Obviously the second one is more optimized, unless of course you
are loading many different offsets from a structure at data_addr,
such as:

	ldx  #data_addr     (3 bytes)
	ldd  0,x            (2 bytes)
       pshd                (2 bytes)   ; pshd is macro for psha pshb
	ldd  2,x            (2 bytes)
       pshd                (2 bytes)
       ldd  4,x            (2 bytes)
       pshd                (2 bytes)
       ldd  6,x            (2 bytes)
       pshd                (2 bytes)

             19 bytes total, 13 instructions

vs.
       ldd  data_addr      (3 bytes)
       pshd                (2 bytes)
       ldd  data_addr+2    (3 bytes)
       pshd                (2 bytes)
       ldd  data_addr+4    (3 bytes)
       pshd                (2 bytes)
       ldd  data_addr+6    (3 bytes)
       pshd                (2 bytes)

             20 bytes total, 12 instructions

In this case the first is more optimized in terms of bytes (and
probably clock cycles as well)...  But the functionality is the
same -- except that the X register is destroyed in the first...

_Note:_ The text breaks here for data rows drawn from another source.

lemma qcong_lift_one_level:
  fixes p D U1 U2 :: int and Z W :: qint
  assumes "prime p" "p \<ge> 3" "m \<ge> 1"
    and "qcong (p ^ m) Z W" "[qnorm D Z = qnorm D W] (mod p ^ (m + 1))"
    and "\<not> p dvd qnorm D W"
    and "p dvd U1" "\<not> p dvd U2"
  obtains c where "qcong (p ^ (m + 1)) Z (qmul D W (qpow D (1 + p^m * U1, p^m * U2) c))"
proof -
  obtain c where "qcong (p ^ (m + 1)) Z (qmul D W (1 + int c * p^m * U1, int c * p^m * U2))"
    using qcong_lift_one_level_linear[OF assms] .
  moreover have "p ^ (m + 1) dvd p ^ (m * 2)" using assms(3) by (intro le_imp_power_dvd) simp
  then have "p ^ (m + 1) dvd (p ^ m) ^ 2" by (simp add: power_mult)
  then have "qcong (p ^ (m + 1)) (qpow D (1 + p^m * U1, p^m * U2) c)
      (1 + int c * p^m * U1, int c * p^m * U2)"
    using qcong_dvd_modulus[OF qpow_one_plus_mod_square] by blast
  ultimately show ?thesis
    using that qcong_qmul[OF qcong_refl] qcong_sym qcong_trans by meson
qed

lemma sign_power: "(e::int) \<in> {1, -1} \<Longrightarrow> e ^ n \<in> {1, -1}"
  by (induction n) auto

lemma not_dvd_of_cong_sign:
  fixes p :: int
  assumes "p \<ge> 3" "e \<in> {1, -1}" "[a = e] (mod p)"
  shows "\<not> p dvd a"
  using assms zdvd_imp_le[of p 1] by (auto simp: cong_dvd_iff)

lemma qcong_lift_along_powers:
  fixes p D u1 u2 :: int and Z W :: qint
  assumes p: "prime p" "p \<ge> 3" and K: "1 \<le> K" "K + j \<le> M"
    and u: "p dvd u1" "\<not> p dvd u2" "[qnorm D (1 + p^K * u1, p^K * u2) = 1] (mod p ^ M)"
    and W: "e \<in> {1, -1}" "[qnorm D W = e] (mod p ^ M)"
    and Z: "e' \<in> {1, -1}" "[qnorm D Z = e'] (mod p ^ M)" "qcong (p ^ K) Z W"
  shows "\<exists>a. qcong (p ^ (K + j)) Z (qmul D W (qpow D (1 + p^K * u1, p^K * u2) a))"
  using K(2)
proof (induction j)
  case 0
  then show ?case using Z(3) by (intro exI[of _ 0]) simp
next
  case (Suc j)
  define \<mu> where "\<mu> = (1 + p^K * u1, p^K * u2)"
  define m where "m = K + j"
  have m: "1 \<le> m" "m + 1 \<le> M" using K Suc.prems unfolding m_def by auto
  obtain a where a: "qcong (p ^ m) Z (qmul D W (qpow D \<mu> a))"
    using Suc unfolding m_def \<mu>_def by auto
  define W' where "W' = qmul D W (qpow D \<mu> a)"
  have W': "[qnorm D W' = e] (mod p ^ M)"
    using cong_mult[OF W(2) cong_pow[OF u(3), of a]]
    unfolding W'_def \<mu>_def by (simp add: qnorm_qmul qnorm_qpow)
  have "qcong p Z W'" using qcong_power_modulus_le[of p m Z W' 1] a m unfolding W'_def by simp
  then have "[qnorm D Z = qnorm D W'] (mod p ^ M)"
    using qnorm_cong_of_signs[OF p(2) _ Z(1,2) W(1) W'] by blast
  then have norm: "[qnorm D Z = qnorm D W'] (mod p ^ (m + 1))"
    using cong_power_modulus_le m(2) by blast
  have "\<not> p dvd qnorm D W'"
    using not_dvd_of_cong_sign[OF p(2) W(1)] cong_power_modulus_le[OF W', of 1] m by simp
  moreover have "odd p" "p > 0" using p prime_odd_int prime_gt_0_int by auto
  then obtain U1 U2 where U: "qpow D \<mu> (nat p ^ j) = (1 + p^m * U1, p^m * U2)"
    "[U1 = u1] (mod p)" "[U2 = u2] (mod p)"
    using qpow_prime_power_one_plus[of p K D u1 u2 j] K(1) unfolding \<mu>_def m_def by blast
  moreover have "p dvd U1" "\<not> p dvd U2" using U(2,3) u(1,2) by (simp_all add: cong_dvd_iff)
  ultimately obtain c where
    "qcong (p ^ (m + 1)) Z (qmul D W' (qpow D (1 + p^m * U1, p^m * U2) c))"
    using qcong_lift_one_level[OF p m(1) a[folded W'_def] norm] by blast
  moreover have "qmul D W' (qpow D (1 + p^m * U1, p^m * U2) c)
      = qmul D W (qpow D \<mu> (a + nat p ^ j * c))"
    unfolding W'_def U(1)[symmetric] by (simp add: qpow_add qpow_mult qmul_assoc)
  ultimately show ?case unfolding m_def \<mu>_def by auto
qed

So either the signature or the comparator (or both) need to take
functionality into account as well...  And that is a difficult
task -- especially when trying to keep it totally generic at the
same time...

>All this leads to a question on a change I might make to my
>disassemblies.  Because my HC11 assembler is really just a set of macros
>running in a different assembler, I can change how opcodes are
>assembled.  So, as ECM code gets more complex, GM is increasingly doing this:
>
>Foo ...
>Bar ...
>Zot ...
>    ...
>    LDX #Foo
>    LDAA 0,X
>    LDAB 1,X
>    ADDA 2,X
>
>When fully EQUated, the code should be:
>
>    LDX #Foo
>    LDAA Foo-Foo,X
>    LDAB Bar-Foo,X
>    ADDA Zot-Foo,X
>
>This gets hard to read!  At least it is easy to search for all
>references to Zot.  I could have the code promise the assembler that X
>will contain a certain value.  Any extended mode operand which is within
>255 bytes of the index value could then get assembled to use the indexed
>addressing mode.  The code would be something like this:
>
>    LDX #Foo
>    DIRECTX Foo
>    LDAA Foo,X
>    LDAB Bar,X
>    ADDA Zot,X
>    DIRECTX
>
>Would this be a good feature?  Or would it be too hard to run through
>other assemblers?
>

Again, this ties to the intelligent disassembler/decompiler concept...
Usually, when a compiler loads an offset for data like that and addresses
additional data with indexes from that address, then what you are looking
at is a structure -- i.e. the data is related -- though, not always as
this breaks down with stack/frame relationships and variables local to
a function...  A smart disassembler or decompiler program would be able
to see these indexes loaded and start grouping the data and effectively
create your structure for you...

Here, why not create additonal labels that are indexes into the data?
Like:

Foo  ...
Bar  ...
Zot  ...

FBZStruct  EQU  Foo
pFoo       EQU  0
pBar       EQU  1
pZot       EQU  2

Then in the code use:

    LDX #FBZStruct
    LDAA pFoo,X
    LDAB pBar,X
    ADDA pZot,X

This is very readable and would effectively be similar to a C struct:

struct {
    char Foo;
    char Bar;
    char Zot;
} FBZStruct;

This way, it works with any compiler and can be more easily
decompiled into a high level language such as C...

Just an idea...  I do something similar with the HC11 registers... You'll
often see GM use offset/index with the HC11 control registers (usually
located at 0x1000)...  This is why I have things like SCDR and pSCDR
in my HC11 header files that I distribute with my HC11 disassembler...

Donald Whisnant
dewhisna at ix.netcom.com